President Donald Trump on Friday dismissed a finding from a top U.S. intelligence official that found Russia will “primarily denigrate” Democratic presidential candidate Joe Biden in the 2020 election.
“I think the last person Russia wants to see in office is Donald Trump because nobody’s been tougher on Russia than I have — ever,” Trump said during a news conference at his golf club in Bedminster, New Jersey on Friday when asked about the intelligence.
Earlier on Friday, the director of the National Counterintelligence and Security Center, William Evanina released a report identifying Russia, China and Iran as top foreign threats to the upcoming presidential race.
Evanina’s report fell short of explicitly stating that Moscow wants Trump re-elected for a second term, but noted that the Kremlin “is using a range of measures to primarily denigrate” Biden and what it called “an anti-Russia ‘establishment.’”
The report listed Ukrainian MP Andriy Derkach as an example of the sort of “measures” being taken to “denigrate” Trump’s Democratic opponent.
In December of last year, Derkach met with Trump attorney Rudy Giuliani in Kyiv and handed him a packet of information about the Bidens. Since then Ukranian parlementarian has spent much of this year releasing what appear to be edited recordings of phone calls between Biden and Ukraine’s then-President Petro Poroshenko in 2016.
But Trump has shown little will to recognize these findings, rebuffing a reporter when challenged further about the issue on Friday.
“Well, I don’t care what anybody says,” Trump said.
Without actually addressing election interference the President instead diverted attention to efforts he’s made to beef up the military and saying that he has pressured allies to increase financial support to NATO as examples of how he’s been “tougher” than his predecessors.
But members of Congress have long accused the President of cozying up to the Russian leader.

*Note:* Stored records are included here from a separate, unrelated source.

(* Let $\alpha > 1$ and let $H$ be a $k$-uniform hypergraph with $\lambda_\alpha(H) \ge \left(k!\binom{x}{k}\right)^{1-1/\alpha}$ for some real $x \ge k-1$. Then $e(\partial H) \ge \binom{x}{k-1}$.
   Context: For real $x$, $\binom{x}{m} = x(x-1)\cdots(x-m+1)/m!$. The shadow $\partial H$ of a $k$-uniform hypergraph $H$ is the $(k-1)$-uniform hypergraph consisting of all $(k-1)$-sets contained in some edge of $H$; $e(\cdot)$ denotes number of edges. For $H$ on $[n]$, $\tau_H(x,\dots,x) = k!\sum_{\{i_1,\dots,i_k\}\in E(H)} x_{i_1}\cdots x_{i_k}$ and $\lambda_\alpha(H) = \max\{\tau_H(x,\dots,x) : \|x\|_\alpha=1\}$, where $\|x\|_\alpha = (\sum_i|x_i|^\alpha)^{1/\alpha}$. *)

theory Defs
  imports Complex_Main
begin

definition uniform_hypergraph :: "nat \<Rightarrow> nat \<Rightarrow> nat set set \<Rightarrow> bool" where
  "uniform_hypergraph n k E \<longleftrightarrow> (\<forall>e\<in>E. e \<subseteq> {..<n} \<and> card e = k)"

definition shadow :: "nat \<Rightarrow> nat set set \<Rightarrow> nat set set" where
  "shadow k E = {f. card f = k - 1 \<and> (\<exists>e\<in>E. f \<subseteq> e)}"

text \<open>tau_H(x,...,x) = k! * sum over edges of the product of the coordinates.\<close>
definition tau :: "nat \<Rightarrow> nat set set \<Rightarrow> (nat \<Rightarrow> real) \<Rightarrow> real" where
  "tau k E x = fact k * (\<Sum>e\<in>E. \<Prod>i\<in>e. x i)"

definition alpha_norm :: "nat \<Rightarrow> real \<Rightarrow> (nat \<Rightarrow> real) \<Rightarrow> real" where
  "alpha_norm n \<alpha> x = (\<Sum>i<n. \<bar>x i\<bar> powr \<alpha>) powr (1 / \<alpha>)"

text \<open>lambda_alpha(H): maximum of tau over the unit alpha-sphere (attained by compactness).\<close>
definition lambda_alpha :: "nat \<Rightarrow> nat \<Rightarrow> real \<Rightarrow> nat set set \<Rightarrow> real" where
  "lambda_alpha n k \<alpha> E = Sup {tau k E x | x. alpha_norm n \<alpha> x = 1}"

end

theory Submission
  imports Defs "HOL-Analysis.Convex"
begin

text \<open>On the unit \<open>\<alpha>\<close>-sphere the weights
  \<open>w i = \<bar>y i\<bar> powr \<alpha>\<close> sum to 1, so \<open>k!\<close> times the sum over the edges of the products of
  the \<open>w i\<close> is at most \<open>1\<close>; the power mean inequality over the edges then gives
  \<open>\<lambda>\<^sub>\<alpha>(H) \<le> (k! e(H)) powr (1 - 1/\<alpha>)\<close>.  Hence the hypothesis
  forces \<open>e(H) \<ge> x gchoose k\<close>, and Lov\'asz' form of the Kruskal--Katona theorem turns this
  into \<open>e(\<partial>H) \<ge> x gchoose (k - 1)\<close>.  The latter is proved by shifting the family towards a
  vertex \<open>a\<close> and inducting on \<open>k\<close> and on the size of the family.\<close>

subsection \<open>Shadows and shifting\<close>

definition uniform_family :: "nat \<Rightarrow> 'a set set \<Rightarrow> bool" where
  "uniform_family k F \<longleftrightarrow> finite F \<and> (\<forall>e\<in>F. finite e \<and> card e = k)"

definition lower_shadow :: "'a set set \<Rightarrow> 'a set set" where
  "lower_shadow F = {e - {x} | e x. e \<in> F \<and> x \<in> e}"

lemma finite_lower_shadow:
  assumes "uniform_family k F" shows "finite (lower_shadow F)"
proof -
  have "lower_shadow F = (\<Union>e\<in>F. (\<lambda>x. e - {x}) ` e)"
    unfolding lower_shadow_def by auto
  then show ?thesis
    using assms unfolding uniform_family_def by auto
qed

lemma card_lower_shadow_ge:
  assumes "uniform_family k F" "e \<in> F" shows "k \<le> card (lower_shadow F)"
proof -
  have "(\<lambda>x. e - {x}) ` e \<subseteq> lower_shadow F"
    using assms(2) unfolding lower_shadow_def by auto
  moreover have "inj_on (\<lambda>x. e - {x}) e"
    by (rule inj_onI) auto
  ultimately have "card e \<le> card (lower_shadow F)"
    using finite_lower_shadow[OF assms(1)] by (metis card_image card_mono)
  then show ?thesis
    using assms unfolding uniform_family_def by auto
qed

definition shift :: "'a \<Rightarrow> 'a \<Rightarrow> 'a set \<Rightarrow> 'a set" where
  "shift a j e = insert a (e - {j})"

definition shiftable :: "'a \<Rightarrow> 'a \<Rightarrow> 'a set set \<Rightarrow> 'a set \<Rightarrow> bool" where
  "shiftable a j F e \<longleftrightarrow> e \<in> F \<and> j \<in> e \<and> a \<notin> e \<and> shift a j e \<notin> F"

definition compression :: "'a \<Rightarrow> 'a \<Rightarrow> 'a set set \<Rightarrow> 'a set set" where
  "compression a j F = (\<lambda>e. if shiftable a j F e then shift a j e else e) ` F"

definition shift_stable :: "'a \<Rightarrow> 'a set set \<Rightarrow> bool" where
  "shift_stable a F \<longleftrightarrow> (\<forall>e\<in>F. \<forall>j\<in>e. a \<notin> e \<longrightarrow> shift a j e \<in> F)"

lemma shift_inj:
  assumes "j \<in> e" "a \<notin> e" "j \<in> e'" "a \<notin> e'" "shift a j e = shift a j e'"
  shows "e = e'"
proof -
  have "e = insert j (shift a j e - {a})" "e' = insert j (shift a j e' - {a})"
    using assms unfolding shift_def by auto
  then show ?thesis
    using assms by simp
qed

lemma card_compression: "card (compression a j F) = card F"
  unfolding compression_def
proof (rule card_image, rule inj_onI)
  fix e e'
  assume "e \<in> F" "e' \<in> F"
    and eq: "(if shiftable a j F e then shift a j e else e)
           = (if shiftable a j F e' then shift a j e' else e')"
  then show "e = e'"
    using shift_inj[of j e a e'] unfolding shiftable_def by (auto split: if_splits)
qed

lemma compressionI_unshifted: "e \<in> F \<Longrightarrow> \<not> shiftable a j F e \<Longrightarrow> e \<in> compression a j F"
  unfolding compression_def by (rule image_eqI[where x = e]) auto

lemma compressionI_shifted: "shiftable a j F e \<Longrightarrow> shift a j e \<in> compression a j F"
  unfolding compression_def by (rule image_eqI[where x = e]) (auto simp: shiftable_def)

lemma compressionE:
  assumes "g \<in> compression a j F"
  obtains "g \<in> F" "\<not> shiftable a j F g"
    | e where "shiftable a j F e" "g = shift a j e"
  using assms unfolding compression_def by (auto split: if_splits)

lemma uniform_family_compression:
  assumes "uniform_family k F" shows "uniform_family k (compression a j F)"
proof -
  have "finite g \<and> card g = k" if "g \<in> compression a j F" for g
    using that
  proof (cases rule: compressionE)
    case 1
    then show ?thesis using assms unfolding uniform_family_def by blast
  next
    case (2 e)
    then have "e \<in> F" "j \<in> e" "a \<notin> e"
      unfolding shiftable_def by auto
    with assms have "finite e" "card e = k"
      unfolding uniform_family_def by auto
    moreover have "0 < card e"
      using \<open>finite e\<close> \<open>j \<in> e\<close> card_gt_0_iff by blast
    ultimately show ?thesis
      using \<open>j \<in> e\<close> \<open>a \<notin> e\<close> unfolding \<open>g = shift a j e\<close> shift_def
      by (auto simp: card_insert_if)
  qed
  moreover have "finite (compression a j F)"
    using assms unfolding compression_def uniform_family_def by simp
  ultimately show ?thesis
    unfolding uniform_family_def by blast
qed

House Speaker Nancy Pelosi (D-CA), among others, chastised the President in June following reports that Trump had allegedly been briefed on an intelligence finding that Russian operatives had offered bounties to Taliban-linked militias in Afghanistan to kill U.S. and coalition troops.
“With him, all roads lead to Putin,” Pelosi said in June referring to Trump’s relationship with the Russian leader, adding, “I don’t know what the Russians have on the president, politically, personally, or financially.”
In an Axios interview that aired on Monday, Trump said that he has “never” discussed the Russian bounty plot in conversations with Russian President Vladimir Putin. He has previously denied allegations that the report was shared with him, even calling the intelligence in tweets “possibly another fabricated Russia Hoax.”
In spite of his apparent unwillingness to confront Russia on key national security issues, Trump maintained in Friday’s news conference that “nobody with any common sense” would be inclined to draw conclusions that Russia would have any vested interest in damaging Biden to boost Trump’s own re-election.